Harr believes that keeping the dog chained in isolation for long periods of time contributed to its aggressive behavior.
“I think tethering a dog like that can lead to increased aggression in any breed — not just pit bulls,” said Harr. “Should there be a law against it? I think that’s a discussion that needs to take place.”
Mulliniks said that he feels reassured that the city will be taking a tougher stance on enforcing the pit bull ordinance after speaking with Woods.
“It’s a tragedy that this happened and I’m glad that Mr. Mulliniks and Vinnie survived,” said Woods. “The pit bull ordinance was passed so that we could avoid this kind of tragedy.”
Ordinance ‘to keep our community safe’
Woods said that the ordinance was passed in 2010 after a rash of reports across the country of people being mauled by pit bulls — as well as instances involving local residents and pit bulls — prompted city officials to take preventative steps.
Residents and city officials called for measures that would prevent pit bull attacks after a 2010 incident in which an animal control officer with HPD was attacked by a pit bull. The officer was mauled when he stepped between a pit bull that was poised to attack an elderly man in Hogansville. The dog continued to attack the officer until it was shot and killed. The officer suffered permanent nerve damage from his injuries.
According to Woods, there are just two pit bulls currently registered with the city. He noted that residents who have unregistered pit bulls or pit bull mixes will face penalties.
“If you live in Hogansville, and you own a pit bull, I would suggest that you come to City Hall and take the necessary steps to comply with our pit bull ordinance,” said Woods. “The purpose of this law is not to harass pit bull owners, but to keep our community safe.”
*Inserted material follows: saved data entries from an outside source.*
lemma Lambda_eq_upow_near_one:
  assumes f: "f \<in> (Lambda_set :: ('a fls \<Rightarrow> 'a fls) set)"
  obtains y m where "y \<in> Zp p" "\<And>u. vge (u - 1) (int m) \<Longrightarrow> f u = upow p y u"
proof -
  obtain m b where m: "1 \<le> m" and b: "\<And>n. b n \<in> Fp" and fb: "\<And>x. vge x (int m) \<Longrightarrow> f (1 + x) = psum b x"
    using Lambda_local_psum[OF f] by blast
  have "b 0 = 1" using fb[of 0] Lambda_one[OF f] psum_at_0[of b] by simp
  moreover have "psum_multiplicative b 1 m" by (rule Lambda_psum_multiplicative[OF f m fb])
  ultimately have descent: "vge (psum b x - (1 + x) ^ digit_exponent b k) (int (p ^ k) * int m)"
    if "vge x (int m)" for x k
    using psum_descent[OF m b] that m by simp
  define y where "y k = int (digit_exponent b k)" for k
  have y: "y \<in> Zp p" unfolding y_def by (rule digit_exponent_in_Zp[OF b])
  have "f u = upow p y u" if u: "vge (u - 1) (int m)" for u
  proof (rule eq_if_vge_diff)
    fix k
    have u1: "vge (u - 1) 1" using vge_mono[OF u] m by simp
    have "k \<le> p ^ k * m" using less_p_power[of k] mult_le_mono2[OF m, of "p ^ k"] by linarith
    hence "int k \<le> int (p ^ k) * int m" by (metis of_nat_mono of_nat_mult)
    moreover have "vge (f u - u ^ digit_exponent b k) (int (p ^ k) * int m)"
      using descent[OF u, of k] fb[OF u] by simp
    ultimately have "vge (f u - u ^ nat (y k)) (int k)" by (simp add: y_def vge_mono)
    moreover have "vge (u ^ nat (y k) - upow p y u) (int k)"
      by (rule iffD1[OF vge_diff_commute upow_approx[OF y u1]])
    ultimately show "vge (f u - upow p y u) (int k)" by (rule vge_diff_trans)
  qed
  thus ?thesis using that y by blast
qed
According to DogsBite.org, a nonprofit research and education organization that conducts research on severe and fatal dog attacks inflicted by dangerous dog breeds, there have been 18 documented cases in the United States of people who have died in pit bull attacks so far in 2015. Eight of those victims were children age 10 or younger. The organization also recorded 42 people mauled to death during 2014 by pit bulls in the United States, 19 of those victims were children.
A more dangerous breed?
“I don’t think that pit bulls are necessarily more dangerous than any other breed of dog,” said Chris Bussey, director of the LaGrange-Troup County Animal Shelter. “It has a lot to do with how they are raised.”
Woods echoed Bussey’s statement, but added that the number of documented cases in which pit bulls have been responsible for attacking people necessitates preventative measures against possible attacks.
“Pit bulls are generally big, strong dogs that are capable of overpowering a grown man,” said Woods. “No matter how cute and cuddly they are, they will always have that wild, instinctual nature within them that can make them become dangerous.”
Mulliniks is grateful that he and his dog were not more seriously injured. He hopes that the incident will prompt the city to be more diligent about enforcing the pit bull ordinance.
“It usually takes something bad to happen before change is enacted,” said Mulliniks. “I really hope some good comes out of this. I would love for Hogansville, LaGrange and all of Troup County to somehow spread the word about the vicious dog ordinance.”